Verneinend schüttelte der Schwarzhaarige seinen Kopf. „Mir ist nicht kalt!" Er blickte sich unschlüssig um und rief dann Schnapp zu sich. „Hier halt dich an seinem Halsband fest!"

Albus nahm den Kopf des Hundes in beide Hände und redete sehr eindringlich auf den Saurüden ein. „Pass gut auf, Schnapp! Zieh uns langsam nach oben!" Er zeigte den Hang hinauf. „Da hoch, Schnapp und Langsam! Hast du verstanden?"

Schnapp bellte kurz und stellte die Ohren auf. Scorpius hielt sich mit beiden Händen an dem dicken Halsband des Hundes fest. Auch Albus packte das Lederband und legte einen Arm um die Hüften des Slytherin.

„Bereit!"

Der Blonde nickte und Albus deutete Schnapp an er könne losgehen. Äußerst vorsichtig bewegte sich der große Hund, setzte eine Pfote vor die andere. Der hohe Schnee war ein Problem und des Öfteren sackten sie bis zu den Knien ein. Es war eine wahre Schinderei, ehe sie schließlich oben ankamen. Albus hatte das Gefühl es hätte eine Ewigkeit gedauert und sah besorgt auf Scorpius, der auf die Knie gefallen war und wie ein Dampfkessel schnaufte.

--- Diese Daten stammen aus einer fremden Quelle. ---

text \<open>Write \<pi> = f_{K,r,i} and \<sigma> = f_{L,s,j}. Contraction changes a map only at \<infinity> and at the
  preimage of \<infinity>, so hd(\<pi>^\<triangle>, \<sigma>^\<triangle>) and hd(\<pi>, \<sigma>) can only differ through the points \<infinity>, i, j.
  Clearing denominators, \<pi> and \<sigma> agree at a finite point y iff y is a root of a nonzero polynomial
  of degree at most 2 (at most 1 if K = L, when they also agree at \<infinity>), so distinct elements of P
  agree in at most two points and hd(\<pi>, \<sigma>) \<ge> q - 1.
  If i = j, contraction just exchanges the roles of \<infinity> and i, so hd is unchanged and \<pi>\<sigma> is
  not an edge. If i \<noteq> j, either condition forces K \<noteq> L and agreement of the contractions at
  both poles; then r = s = (K - L)(i - j), and the agreement polynomial becomes
  (K - L)((y - j)^2 - (i - j)(y - j) + (i - j)^2), whose discriminant -3(i - j)^2 is a square
  because q \<equiv> 1 (mod 3) provides a primitive cube root of unity. Hence \<pi> and \<sigma> agree in exactly
  two points, which is the edge condition.\<close>

lemma power_card_minus_one_eq_one:
  fixes a :: "'a::{field,finite}"
  assumes "a \<noteq> 0"
  shows "a ^ (CARD('a) - 1) = 1"
proof -
  define U where "U = UNIV - {0::'a}"
  have "inj_on ((*) a) U"
    using assms by (auto simp: inj_on_def)
  moreover have "(*) a ` U = U"
  proof
    show "(*) a ` U \<subseteq> U"
      using assms by (auto simp: U_def)
    show "U \<subseteq> (*) a ` U"
    proof
      fix x assume "x \<in> U"
      then have "x = a * (x / a)" "x / a \<in> U"
        using assms by (auto simp: U_def)
      then show "x \<in> (*) a ` U" by blast
    qed
  qed
  ultimately have "\<Prod>U = prod ((*) a) U"
    using prod.reindex[of "(*) a" U id] by simp
  also have "\<dots> = a ^ card U * \<Prod>U"
    by (simp add: prod.distrib)
  finally have "a ^ card U = 1"
    by (simp add: U_def)
  then show ?thesis
    by (simp add: U_def card_Diff_singleton)
qed
lemma mutual_info_eq_0_imp_indep:
  fixes J :: "('a \<times> 'b) pmf"
  assumes fin: "finite (set_pmf J)" and mi: "mutual_info J = 0" and x: "x \<in> set_pmf J"
  shows "pmf J x = pmf (map_pmf fst J) (fst x) * pmf (map_pmf snd J) (snd x)"
proof (rule ccontr)
  define S where "S = set_pmf J"
  define p where "p = pmf J"
  define q where "q = (\<lambda>y. pmf (map_pmf fst J) (fst y) * pmf (map_pmf snd J) (snd y))"
  assume "\<not> ?thesis"
  then have ne: "p x \<noteq> q x" by (simp add: p_def q_def)
  have pos: "0 < p y" "0 < q y" if "y \<in> S" for y
    using that by (auto simp: S_def p_def q_def pmf_positive)
  have "(\<Sum>y\<in>S. q y) \<le> (\<Sum>y\<in>fst ` S \<times> snd ` S. q y)"
    by (rule sum_mono2) (use fin in \<open>auto simp: S_def q_def intro: rev_image_eqI\<close>)
  also have "\<dots> = (\<Sum>a\<in>fst ` S. pmf (map_pmf fst J) a) * (\<Sum>b\<in>snd ` S. pmf (map_pmf snd J) b)"
    unfolding q_def by (simp add: sum_product sum.cartesian_product case_prod_beta)
  also have "\<dots> \<le> 1"
    by (intro mult_le_one sum_pmf_le_1 sum_nonneg) (use fin in \<open>auto simp: S_def\<close>)
  finally have "0 \<le> (\<Sum>y\<in>S. p y - q y)"
    using sum_pmf_eq_1[of S J] fin by (simp add: S_def p_def sum_subtractf)
  also have "\<dots> < (\<Sum>y\<in>S. p y * ln (p y / q y))"
  proof (rule sum_strict_mono_ex1)
    show "\<forall>y\<in>S. p y - q y \<le> p y * ln (p y / q y)" using pos diff_le_mult_ln_div(1) by blast
    show "\<exists>y\<in>S. p y - q y < p y * ln (p y / q y)"
      using x ne pos diff_le_mult_ln_div(2) unfolding S_def by blast
  qed (use fin in \<open>simp add: S_def\<close>)
  also have "\<dots> = mutual_info J * ln 2"
    unfolding mutual_info_def S_def p_def q_def log_def by (simp add: sum_distrib_right)
  finally show False using mi by simp
qed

„Scheiße, ich... kann... nicht... mehr!"

„Was heißt du kannst nicht mehr?" Besorgt kniete sich Albus neben seinen Freund. „Wir müssen noch hoch zum Schloss!"

Scorpius lachte. „Ich bin fertig, bin zu müde!"

„Dann hole ich Hagrid!"

„NEIN!"

Der Blonde packte Albus' Handgelenk derart fest, dass der Kleinere überrascht aufsah. „Keine Angst, Hagrid wird schweigen."

„Ich sage nein! Lass uns gehen!"

Mühsam rappelte sich Scorpius auf, gestützt von Albus und an Schnapps Halsband hängend, schleppte sich der Slytherin weiter. Der Weg zur Schule schien nahezu endlos und der Wind blies ihnen eiskalt ins Gesicht. Der Blonde hatte ein schlechtes Gewissen, da er Albus' Winterrobe trug.

„Komm mal bitte näher." Fragend sah ihn der Schwarzhaarige an. Mit weitem Schwung legte Scorpius die Robe um sie beide und klammerte sich um Albus' Hüfte.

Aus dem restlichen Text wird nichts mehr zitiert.